Sólo 21 años contaba el joven Ellis cuando Menos que cero (1985) golpeó los cimientos del panorama literario norteamericano para, ósmosis mediante, devenir una de las principales y más devastadoras influencias de la narrativa de finales de los '80 y principios de esta década. Imitada hasta la saciedad en esas contradictorias señas de primera persona de presente y brutal distanciamiento emocional respecto a la acción, la novela propone un preámbulo de manual: tras un primer trimestre de universidad en el Este, Clay regresa a LA por Navidad. A partir de entonces, Ellis se empeña en dar lustre a la vieja máxima del you can't go home; gélido es el reencuentro con la novia y la familia, el protagonista descubre que su mejor amigo se vende por droga y nada puede hacer salvo pulular de fiesta en fiesta, de borrachera en borrachera, entre subidones y polvos de diseño.
Ambientada en Watts o South Central, Menos que cero se hubiera adecuado con carácter de anécdota a la lógica de la América reaganiana; no obstante, tal ejercicio de depravación afectaba a la flor y nata de Beverly Hills, a una generación de hijos de productores de cine y de ejecutivos discográficos idiotizada por la MTV y por la cocaína. Valores familiares en entredicho y el escándalo estaba servido.
Jóvenes y ociosos
Mas no había juicio de valor o voluntad moralista; siguiendo las huellas de Hemingway, Ellis buscó que la aparente desnudez narrativa girara sobre sí misma, se concentrara de tal modo que acabara oprimiendo, ahogando al lector. Aún no se daba la obsesión por el detalle que convirtió a American Psycho (1991) en bocado de cargante digestión, pero sí un ánimo de atmósferas áridas y ventosas, de fríos colores y televisores emitiendo sin pausa. Con el final del receso navideño, Clay se dispone a volar a New Hampshire; nada ha cambiado y la historia, en eterno retorno de recreos, se repetirá con la próxima pausa primaveral.

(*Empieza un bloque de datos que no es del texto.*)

(* Let $r\in\mathbb{N}$ and let $H=\begin{bmatrix}A&B\\C&D\end{bmatrix}$ with $A,B,C,D\in\mathbb{R}^{r\times r}$, where $A$ and $D$ are upper-triangular with diagonal entries $a_1,\dots,a_r$ and $d_1,\dots,d_r$ respectively, and $B$ and $C$ are diagonal with diagonal entries $b_1,\dots,b_r$ and $c_1,\dots,c_r$ respectively. If for every $i\in\{1,\dots,r\}$ the $2\times2$ matrix $\begin{bmatrix}a_i&b_i\\c_i&d_i\end{bmatrix}$ is stable, then $H$ is stable.
   Context: A square matrix is stable if all its eigenvalues have modulus strictly less than $1$. *)

theory Defs
  imports "Jordan_Normal_Form.Matrix" "Jordan_Normal_Form.Char_Poly" "HOL-Analysis.Analysis"
begin

definition stable :: "real mat \<Rightarrow> bool" where
  "stable M \<longleftrightarrow> square_mat M \<and>
     (\<forall>k::complex. eigenvalue (map_mat complex_of_real M) k \<longrightarrow> cmod k < 1)"

end

theory Submission
  imports Defs
begin

text \<open>Write an eigenvector of \<open>H\<close> for \<open>k\<close> as \<open>x @ y\<close> with \<open>x, y \<in> \<complex>\<^sup>r\<close>, and let \<open>i\<close>
  be the largest index with \<open>(x\<^sub>i, y\<^sub>i) \<noteq> 0\<close>. Because \<open>A\<close> and \<open>D\<close> are upper triangular,
  \<open>B\<close> and \<open>C\<close> are diagonal, and all later entries of \<open>x\<close> and \<open>y\<close> vanish, rows \<open>i\<close> and
  \<open>r + i\<close> of \<open>H (x @ y) = k (x @ y)\<close> say exactly that \<open>(x\<^sub>i, y\<^sub>i)\<close> is an eigenvector of
  the \<open>i\<close>-th \<open>2 \<times> 2\<close> matrix for \<open>k\<close>. So every eigenvalue of \<open>H\<close> is an eigenvalue of one
  of these stable matrices.\<close>

unbundle no vec_syntax

lemma index_mult_mat_vec_single:
  fixes A :: "'a :: semiring_0 mat"
  assumes "A \<in> carrier_mat n n" "v \<in> carrier_vec n" "i < n"
    and "\<And>j. j < n \<Longrightarrow> j \<noteq> i \<Longrightarrow> A $$ (i,j) * v $ j = 0"
  shows "(A *\<^sub>v v) $ i = A $$ (i,i) * v $ i"
proof -
  have "(A *\<^sub>v v) $ i = (\<Sum>j\<in>{0..<n}. A $$ (i,j) * v $ j)"
    using assms(1-3) by (simp add: scalar_prod_def)
  also have "\<dots> = (\<Sum>j\<in>{0..<n}. if j = i then A $$ (i,i) * v $ i else 0)"
    using assms(4) by (intro sum.cong) auto
  also have "\<dots> = A $$ (i,i) * v $ i"
    using assms(3) by simp
  finally show ?thesis .
qed

lemma upper_triangular_index_mult_mat_vec:
  fixes A :: "'a :: semiring_0 mat"
  assumes "A \<in> carrier_mat n n" "upper_triangular A" "v \<in> carrier_vec n" "i < n"
    and "\<And>j. i < j \<Longrightarrow> j < n \<Longrightarrow> v $ j = 0"
  shows "(A *\<^sub>v v) $ i = A $$ (i,i) * v $ i"
  using assms upper_triangularD[OF assms(2)]
  by (intro index_mult_mat_vec_single) (auto simp: linorder_neq_iff)

lemma diagonal_index_mult_mat_vec:
  fixes A :: "'a :: semiring_0 mat"
  assumes "A \<in> carrier_mat n n" "diagonal_mat A" "v \<in> carrier_vec n" "i < n"
  shows "(A *\<^sub>v v) $ i = A $$ (i,i) * v $ i"
  using assms by (intro index_mult_mat_vec_single) (auto simp: diagonal_mat_def)

lemma smult_append_vec: "k \<cdot>\<^sub>v (x @\<^sub>v y) = (k \<cdot>\<^sub>v x) @\<^sub>v (k \<cdot>\<^sub>v y)"
  by (rule eq_vecI) auto

lemma eigenvalue_mat_of_rows_list_2:
  fixes a b c d k x y :: "'a :: comm_ring_1"
  assumes "x \<noteq> 0 \<or> y \<noteq> 0" "a * x + b * y = k * x" "c * x + d * y = k * y"
  shows "eigenvalue (mat_of_rows_list 2 [[a, b], [c, d]]) k"
proof -
  let ?M = "mat_of_rows_list 2 [[a, b], [c, d]]" and ?w = "vec_of_list [x, y]"
  have "?M *\<^sub>v ?w = k \<cdot>\<^sub>v ?w"
  proof (rule eq_vecI)
    fix j assume "j < dim_vec (k \<cdot>\<^sub>v ?w)"
    then have "j = 0 \<or> j = 1" by auto
    then show "(?M *\<^sub>v ?w) $ j = (k \<cdot>\<^sub>v ?w) $ j"
      using assms(2,3) by (auto simp: mat_of_rows_list_def scalar_prod_def numeral_2_eq_2)
  qed (simp add: mat_of_rows_list_def)
  moreover have "?w \<noteq> 0\<^sub>v 2"
  proof
    assume "?w = 0\<^sub>v 2"
    then have "?w $ 0 = 0" "?w $ 1 = 0" by auto
    then show False using assms(1) by simp
  qed
  moreover have "dim_row ?M = 2"
    by (simp add: mat_of_rows_list_def)
  moreover have "?w \<in> carrier_vec 2"
    by (rule carrier_vecI) simp
  ultimately show ?thesis
    unfolding eigenvalue_def eigenvector_def by metis
qed

lemma append_vec_last_nonzero_index:
  fixes x y :: "'a :: zero Matrix.vec"
  assumes "x \<in> carrier_vec n" "y \<in> carrier_vec n" "x @\<^sub>v y \<noteq> 0\<^sub>v (n + n)"
  obtains i where "i < n" "x $ i \<noteq> 0 \<or> y $ i \<noteq> 0"
    "\<And>j. i < j \<Longrightarrow> j < n \<Longrightarrow> x $ j = 0" "\<And>j. i < j \<Longrightarrow> j < n \<Longrightarrow> y $ j = 0"
proof -
  define S where "S = {j. j < n \<and> (x $ j \<noteq> 0 \<or> y $ j \<noteq> 0)}"
  define i where "i = Max S"
  have "finite S"
    by (simp add: S_def)
  obtain j0 where "j0 < n + n" "(x @\<^sub>v y) $ j0 \<noteq> 0"
    using assms append_carrier_vec[OF assms(1,2)]
    by (metis carrier_vecD eq_vecI index_zero_vec(1,2))
  then have "(if j0 < n then j0 else j0 - n) \<in> S"
    using assms(1,2) by (auto simp: S_def)
  then have "i \<in> S"
    unfolding i_def using \<open>finite S\<close> by (intro Max_in) auto
  then have "i < n" "x $ i \<noteq> 0 \<or> y $ i \<noteq> 0"
    by (simp_all add: S_def)
  moreover have "x $ j = 0" "y $ j = 0" if "i < j" "j < n" for j
  proof -
    have "j \<notin> S"
      using that(1) Max_ge[OF \<open>finite S\<close>, of j] unfolding i_def by linarith
    then show "x $ j = 0" "y $ j = 0"
      using that(2) by (simp_all add: S_def)
  qed
  ultimately show thesis
    by (rule that)
qed

lemma eigenvalue_four_block_triangular_diagonal:
  fixes A B C D :: "'a :: comm_ring_1 mat"
  assumes carrier: "A \<in> carrier_mat n n" "B \<in> carrier_mat n n"
      "C \<in> carrier_mat n n" "D \<in> carrier_mat n n"
    and "upper_triangular A" "upper_triangular D" "diagonal_mat B" "diagonal_mat C"
    and "eigenvalue (four_block_mat A B C D) k"
  obtains i where "i < n"
    "eigenvalue (mat_of_rows_list 2 [[A $$ (i,i), B $$ (i,i)], [C $$ (i,i), D $$ (i,i)]]) k"
proof -
  obtain v where v: "v \<in> carrier_vec (n + n)" "v \<noteq> 0\<^sub>v (n + n)"
      "four_block_mat A B C D *\<^sub>v v = k \<cdot>\<^sub>v v"
    using assms(1,4,9) by (auto simp: eigenvalue_def eigenvector_def)
  define x y where "x = vec_first v n" and "y = vec_last v n"
  have xy: "x \<in> carrier_vec n" "y \<in> carrier_vec n" and v_eq: "v = x @\<^sub>v y"
    using v(1) by (simp_all add: x_def y_def)
  have eqs: "A *\<^sub>v x + B *\<^sub>v y = k \<cdot>\<^sub>v x" "C *\<^sub>v x + D *\<^sub>v y = k \<cdot>\<^sub>v y"
    using v(3) xy carrier
    by (simp_all add: v_eq four_block_mat_mult_vec smult_append_vec append_vec_eq[of _ n])
  obtain i where i: "i < n" and nonzero: "x $ i \<noteq> 0 \<or> y $ i \<noteq> 0"
    and zero: "\<And>j. i < j \<Longrightarrow> j < n \<Longrightarrow> x $ j = 0" "\<And>j. i < j \<Longrightarrow> j < n \<Longrightarrow> y $ j = 0"
    using append_vec_last_nonzero_index[OF xy] v(2) v_eq by blast
  have top: "A $$ (i,i) * x $ i + B $$ (i,i) * y $ i = k * x $ i"
    using arg_cong[OF eqs(1), of "\<lambda>w. w $ i"] i xy carrier
      upper_triangular_index_mult_mat_vec[OF carrier(1) assms(5) xy(1) i zero(1)]
      diagonal_index_mult_mat_vec[OF carrier(2) assms(7) xy(2) i]
    by (simp del: index_mult_mat_vec)
  have bottom: "C $$ (i,i) * x $ i + D $$ (i,i) * y $ i = k * y $ i"
    using arg_cong[OF eqs(2), of "\<lambda>w. w $ i"] i xy carrier
      diagonal_index_mult_mat_vec[OF carrier(3) assms(8) xy(1) i]
      upper_triangular_index_mult_mat_vec[OF carrier(4) assms(6) xy(2) i zero(2)]
    by (simp del: index_mult_mat_vec)
  show thesis
    by (rule that[OF i eigenvalue_mat_of_rows_list_2[OF nonzero top bottom]])
qed

lemma upper_triangular_map_mat:
  "A \<in> carrier_mat n n \<Longrightarrow> f 0 = 0 \<Longrightarrow> upper_triangular A \<Longrightarrow> upper_triangular (map_mat f A)"
  by (auto simp: upper_triangular_def)

lemma diagonal_mat_map_mat:
  "f 0 = 0 \<Longrightarrow> diagonal_mat A \<Longrightarrow> diagonal_mat (map_mat f A)"
  by (auto simp: diagonal_mat_def)

lemma map_mat_of_rows_list_2:
  "map_mat f (mat_of_rows_list 2 [[a, b], [c, d]]) = mat_of_rows_list 2 [[f a, f b], [f c, f d]]"
  by (rule eq_matI) (auto simp: mat_of_rows_list_def less_Suc_eq numeral_2_eq_2)

theorem lemma5:
  fixes r :: nat and A B C D :: "real mat"
  assumes "A \<in> carrier_mat r r" "B \<in> carrier_mat r r"
    and "C \<in> carrier_mat r r" "D \<in> carrier_mat r r"
    and "upper_triangular A" "upper_triangular D"
    and "diagonal_mat B" "diagonal_mat C"
    and "\<forall>i<r. stable (mat_of_rows_list 2 [[A $$ (i,i), B $$ (i,i)], [C $$ (i,i), D $$ (i,i)]])"
  shows "stable (four_block_mat A B C D)"
proof -
  let ?c = "map_mat complex_of_real"
  have "cmod k < 1" if "eigenvalue (?c (four_block_mat A B C D)) k" for k
  proof -
    have ev: "eigenvalue (four_block_mat (?c A) (?c B) (?c C) (?c D)) k"
      using that assms(1-4) by (simp add: map_four_block_mat)
    have "?c A \<in> carrier_mat r r" "?c B \<in> carrier_mat r r"
        "?c C \<in> carrier_mat r r" "?c D \<in> carrier_mat r r"
        "upper_triangular (?c A)" "upper_triangular (?c D)"
        "diagonal_mat (?c B)" "diagonal_mat (?c C)"
      using assms(1-8) by (auto intro: upper_triangular_map_mat diagonal_mat_map_mat)
    from this ev obtain i where "i < r"
      "eigenvalue (mat_of_rows_list 2
         [[?c A $$ (i,i), ?c B $$ (i,i)], [?c C $$ (i,i), ?c D $$ (i,i)]]) k"
      by (rule eigenvalue_four_block_triangular_diagonal)
    then have "eigenvalue (?c (mat_of_rows_list 2
        [[A $$ (i,i), B $$ (i,i)], [C $$ (i,i), D $$ (i,i)]])) k"
      using assms(1-4) by (simp add: map_mat_of_rows_list_2)
    then show ?thesis
      using assms(9) \<open>i < r\<close> unfolding stable_def by blast
  qed
  then show ?thesis
    using assms(1,4) by (auto simp: stable_def)
qed

end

Pero, ¿cuál es la actitud del héroe de Ellis? Se le quiso emparentar con el Holden Caulfield de El guardián entre el centeno pese a que ambos parecen bastante lejanos; donde Holden se rebela contra todo y contra todos, la perspectiva derivada de tres meses de ausencia convierte a Clay en observador distante, consumido por un hastío que, sospechamos, debe afectar al total de facetas de su vida. Las leyes de la atracción (1987) se encargó de confirmar este apartado.
Localizada consecuentemente en un college de la Costa Este, la segunda andanada de Ellis es una obra coral compuesta en base a monólogos acerca de fiestas, sexo y deseos insatisfechos; Sean, Roxanne, Mary -que poco antes de suicidarse se muestra fascinada por un tal ¡Bateman!-, Stuart... Demasiados nombres para que no sonaran los consabidos calificativos generacionales. Y el autor, que en absoluto reniega de ellos, se regodea en su microcosmos de incomunicación y amoralidad, destila un particular humor macabro para, de nuevo, dejarlo todo tan jodido como al principio. Las cacareadas leyes del título obedecían, en realidad, a los dictados del caos.
Menos que cero fue llevada al cine por Marek Kanievska.